Golf Course Architecture is a small world. As we know, only a select group are able to practice our profession. Bob Cupp was not only a leader within our world, but he brought so much more to our industry than beautiful golf courses. To say that he was my mentor is accurate, but it is also too limited. The lessons learned from Bob Cupp have fermented and ripened over the years in ways I never could have imagined. Bob Cupp lived a big full life, and my life is fuller for having been guided by such a talented, generous man. 

 

As I reflect on the man I knew, I am moved to offer a sincere thank you. There isn’t a day that goes by that I don’t recognize how amazing it is to get up and look forward to the chance to work on another golf course. My gratitude to Bob for providing the opportunity to share this small world is endless. 

 

Doug Carrick, ASGCA Past President

 

I am very saddened to hear about the passing of our very good friend and ASGCA Past President Bob Cupp.

 

I first met Bob in 1986 when he was working on his first solo course design at Beacon Hall in Aurora, Canada. I remember him asking me why I was in the golf design business.

 

I replied, “Because I love the game of golf” and he simply said, “Right answer!” Bob was passionate about the game of golf and about the design of golf courses, but he had so much more depth and compassion as a person. He has often been described as a “Renaissance Man” because he possessed so many incredible talents. He was an accomplished artist, musician, writer, cabinet maker and an avid model railroad collector and builder.

 

Bob’s legacy as a golf course architect is truly outstanding. His course designs throughout the world illustrate his flair for design, his versatility as a designer and his sensitivity for the environment. He was simply one of the best to ever practice the profession golf course architecture. 

 

As a truly close friend they don’t come any better. He had a wonderful sense of humour, he loved to share jokes and funny stories and compare notes on family happenings.

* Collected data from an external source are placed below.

(* For any positive integer $g$, the number of numerical semigroups $\Lambda$ with genus $g$ satisfying $f(\Lambda) < 2 m(\Lambda)$ is $F_{g+1}$.
   Context: A numerical semigroup is a subset $\Lambda\subseteq\mathbb{N}_0$ closed under addition, containing $0$, with finite complement in $\mathbb{N}_0$. Its genus is $|\mathbb{N}_0\setminus\Lambda|$, its multiplicity $m(\Lambda)$ is its smallest nonzero element, and its Frobenius number $f(\Lambda)$ is the largest element of $\mathbb{N}_0\setminus\Lambda$. $F_n$ are the Fibonacci numbers: $F_1=F_2=1$, $F_{n+2}=F_{n+1}+F_n$. *)

theory Defs
  imports Main "HOL-Number_Theory.Fib"
begin

definition numerical_semigroup :: "nat set \<Rightarrow> bool" where
  "numerical_semigroup S \<longleftrightarrow> 0 \<in> S \<and> (\<forall>a\<in>S. \<forall>b\<in>S. a + b \<in> S) \<and> finite (UNIV - S)"

definition ns_genus :: "nat set \<Rightarrow> nat" where
  "ns_genus S = card (UNIV - S)"

definition ns_multiplicity :: "nat set \<Rightarrow> nat" where
  "ns_multiplicity S = (LEAST x. x \<in> S \<and> x \<noteq> 0)"

definition ns_frobenius :: "nat set \<Rightarrow> nat" where
  "ns_frobenius S = Max (UNIV - S)"

end

theory Submission
  imports Defs
begin

text \<open>If the Frobenius number is below \<open>2m\<close>, every sum of two nonzero elements is \<open>\<ge> 2m\<close> and hence
  lies in the semigroup, so the semigroup is determined by \<open>m\<close> and the set \<open>A\<close> of its gaps in
  \<open>(m, 2m)\<close>, and conversely every pair \<open>(m, A)\<close> gives such a semigroup, of genus \<open>m - 1 + |A|\<close>.
  Counting the pairs with genus \<open>g\<close> gives \<open>\<Sum>\<^sub>m (m-1 choose g+1-m)\<close>, a diagonal sum of
  Pascal's triangle, which is \<open>F\<^sub>g\<^sub>+\<^sub>1\<close>.\<close>

definition semigroup_of :: "nat \<Rightarrow> nat set \<Rightarrow> nat set" where
  "semigroup_of m A = {x. x = 0 \<or> (m \<le> x \<and> x \<notin> A)}"

lemma ns_multiplicity_le:
  assumes "x \<in> S" "x \<noteq> 0"
  shows "ns_multiplicity S \<le> x"
  unfolding ns_multiplicity_def using assms by (simp add: Least_le)

lemma ns_multiplicity_mem:
  assumes "numerical_semigroup S"
  shows "ns_multiplicity S \<in> S" and "ns_multiplicity S \<noteq> 0"
proof -
  have "\<exists>x. x \<in> S \<and> x \<noteq> 0"
  proof (rule ccontr)
    assume "\<not> ?thesis"
    then have "{1..} \<subseteq> UNIV - S" by auto
    with assms show False
      unfolding numerical_semigroup_def using infinite_Ici finite_subset by blast
  qed
  then have "ns_multiplicity S \<in> S \<and> ns_multiplicity S \<noteq> 0"
    unfolding ns_multiplicity_def by (rule LeastI_ex)
  then show "ns_multiplicity S \<in> S" and "ns_multiplicity S \<noteq> 0" by auto
qed

lemma ns_frobenius_less_iff:
  assumes "numerical_semigroup S" "ns_genus S > 0"
  shows "ns_frobenius S < k \<longleftrightarrow> (\<forall>x\<ge>k. x \<in> S)"
proof -
  have "finite (UNIV - S)" using assms(1) by (simp add: numerical_semigroup_def)
  moreover have "UNIV - S \<noteq> {}"
    using assms(2) by (metis card.empty ns_genus_def less_irrefl)
  ultimately have "ns_frobenius S < k \<longleftrightarrow> (\<forall>a\<in>UNIV - S. a < k)"
    unfolding ns_frobenius_def by (rule Max_less_iff)
  also have "\<dots> \<longleftrightarrow> (\<forall>x\<ge>k. x \<in> S)"
    by (metis Diff_iff UNIV_I not_le)
  finally show ?thesis .
qed

lemma gaps_semigroup_of:
  assumes "A \<subseteq> {m<..<2*m}" "m \<ge> 1"
  shows "UNIV - semigroup_of m A = {1..<m} \<union> A"
  using assms by (auto simp: semigroup_of_def)

lemma numerical_semigroup_semigroup_of:
  assumes "A \<subseteq> {m<..<2*m}" "m \<ge> 1"
  shows "numerical_semigroup (semigroup_of m A)"
  unfolding numerical_semigroup_def gaps_semigroup_of[OF assms]
  using assms finite_subset[OF assms(1)] by (auto simp: semigroup_of_def)

lemma ns_genus_semigroup_of:
  assumes "A \<subseteq> {m<..<2*m}" "m \<ge> 1"
  shows "ns_genus (semigroup_of m A) = m - 1 + card A"
proof -
  have "{1..<m} \<inter> A = {}" using assms by auto
  then show ?thesis
    unfolding ns_genus_def gaps_semigroup_of[OF assms]
    using finite_subset[OF assms(1)] by (simp add: card_Un_disjoint)
qed

lemma ns_multiplicity_semigroup_of:
  assumes "A \<subseteq> {m<..<2*m}" "m \<ge> 1"
  shows "ns_multiplicity (semigroup_of m A) = m"
  unfolding ns_multiplicity_def
  by (rule Least_equality) (use assms in \<open>auto simp: semigroup_of_def\<close>)

lemma semigroup_of_eq:
  assumes "numerical_semigroup S" and above: "\<forall>x\<ge>2 * ns_multiplicity S. x \<in> S"
  defines "m \<equiv> ns_multiplicity S"
  shows "S = semigroup_of m ({m<..<2*m} - S)"
proof (rule set_eqI)
  fix x
  have "0 \<in> S" using assms(1) by (simp add: numerical_semigroup_def)
  moreover have "m \<in> S" using ns_multiplicity_mem[OF assms(1)] by (simp add: m_def)
  moreover have "x \<in> S \<Longrightarrow> x \<noteq> 0 \<Longrightarrow> m \<le> x" by (simp add: m_def ns_multiplicity_le)
  ultimately show "x \<in> S \<longleftrightarrow> x \<in> semigroup_of m ({m<..<2*m} - S)"
    using above by (cases "x < 2 * m") (auto simp: semigroup_of_def m_def)
qed

lemma diff_semigroup_of:
  assumes "A \<subseteq> {m<..<2*m}"
  shows "{m<..<2*m} - semigroup_of m A = A"
  using assms by (auto simp: semigroup_of_def)

lemma bij_betw_semigroup_of:
  assumes "g > 0"
  shows "bij_betw (\<lambda>(m, A). semigroup_of m A)
           (SIGMA m:{1..g+1}. {A. A \<subseteq> {m<..<2*m} \<and> card A = g + 1 - m})
           {S. numerical_semigroup S \<and> ns_genus S = g \<and> ns_frobenius S < 2 * ns_multiplicity S}"
    (is "bij_betw _ ?P ?T")
proof -
  have semigroup_of_mem: "semigroup_of m A \<in> ?T" if "(m, A) \<in> ?P" for m A
  proof -
    from that have m: "m \<ge> 1" "m \<le> g + 1" and A: "A \<subseteq> {m<..<2*m}" "card A = g + 1 - m"
      by auto
    note facts = numerical_semigroup_semigroup_of[OF A(1) m(1)]
      ns_genus_semigroup_of[OF A(1) m(1)] ns_multiplicity_semigroup_of[OF A(1) m(1)]
    with m A assms have "ns_genus (semigroup_of m A) = g" "ns_genus (semigroup_of m A) > 0"
      by simp_all
    with facts m A show ?thesis
      by (auto simp: ns_frobenius_less_iff semigroup_of_def)
  qed
  have decompose: "S = semigroup_of m ({m<..<2*m} - S) \<and> (m, {m<..<2*m} - S) \<in> ?P"
    if "S \<in> ?T" and m_def: "m = ns_multiplicity S" for S m
  proof -
    have S: "numerical_semigroup S" "ns_genus S = g" "ns_frobenius S < 2 * m"
      using that by auto
    have "\<forall>x\<ge>2 * m. x \<in> S"
      using S assms by (simp add: ns_frobenius_less_iff)
    then have eq: "S = semigroup_of m ({m<..<2*m} - S)"
      using semigroup_of_eq[OF S(1)] by (simp add: m_def)
    have "m \<ge> 1" using ns_multiplicity_mem(2)[OF S(1)] by (simp add: m_def)
    then have "g = m - 1 + card ({m<..<2*m} - S)"
      using S(2) eq ns_genus_semigroup_of[of "{m<..<2*m} - S" m] by auto
    with \<open>m \<ge> 1\<close> eq show ?thesis by auto
  qed
  show ?thesis
    by (rule bij_betw_byWitness[where f' = "\<lambda>S. (ns_multiplicity S,
                                 {ns_multiplicity S<..<2 * ns_multiplicity S} - S)"])
      (use semigroup_of_mem decompose in
        \<open>auto simp: ns_multiplicity_semigroup_of diff_semigroup_of\<close>)
qed

lemma sum_choose_diagonal_fib:
  "(\<Sum>m=1..n+1. (m - 1) choose (n + 1 - m)) = fib (n + 1)"
proof -
  have "(\<Sum>m=1..n+1. (m - 1) choose (n + 1 - m)) = (\<Sum>j=0..n. j choose (n - j))"
    using sum.shift_bounds_cl_Suc_ivl[of "\<lambda>m. (m - 1) choose (n + 1 - m)" 0 n] by simp
  also have "\<dots> = (\<Sum>k=0..n. (n - k) choose k)"
    by (subst sum.atLeastAtMost_rev) (auto intro: sum.cong)
  also have "\<dots> = fib (n + 1)" by (simp add: ne_diagonal_fib)
  finally show ?thesis .
qed

theorem proposition2p3:
  fixes g :: nat
  assumes "g > 0"
  shows "card {S. numerical_semigroup S \<and> ns_genus S = g \<and>
                  ns_frobenius S < 2 * ns_multiplicity S} = fib (g + 1)"
proof -
  have "card {S. numerical_semigroup S \<and> ns_genus S = g \<and> ns_frobenius S < 2 * ns_multiplicity S}
      = card (SIGMA m:{1..g+1}. {A. A \<subseteq> {m<..<2*m} \<and> card A = g + 1 - m})"
    using bij_betw_same_card[OF bij_betw_semigroup_of[OF assms]] by simp
  also have "\<dots> = (\<Sum>m=1..g+1. card {A. A \<subseteq> {m<..<2*m} \<and> card A = g + 1 - m})"
    by (rule card_SigmaI) auto
  also have "\<dots> = (\<Sum>m=1..g+1. (m - 1) choose (g + 1 - m))"
    by (intro sum.cong refl) (simp add: n_subsets)
  also have "\<dots> = fib (g + 1)"
    by (rule sum_choose_diagonal_fib)
  finally show ?thesis .
qed

end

I value the time and friendship that we shared for more than 30 years. Bob will be sadly missed by his family, by his clients and by his many, many friends.

 

My deepest condolences to his wife Pam Amy Cupp and all of his children, whom Bob loved more than words can express.

 



Ron Whitten, Senior Editor, Architecture, Golf Digest

 

Bob Cupp not only designed golf courses, incredible ones including Crosswater and Pumpkin Ridge in Oregon, Old Waverly in Mississippi, Liberty National in New Jersey, Indianwood New in Michigan, Beacon Hall and Mad River in Canada, and Marietta, Settindown Creek, Brookhaven and Hawks Ridge, all near Atlanta, he also designed his home, built most of the furniture in it, raised a second family, wrote a novel, painted and sculpted, worked on model railroads, played guitar and sang in the local choir. A good friend for over 30 years, Bob was absolutely my favorite Renaissance Man in golf. It’s a shame Tom Doak had already called his company Renaissance Golf.  That would have been the perfect name for Bob’s firm.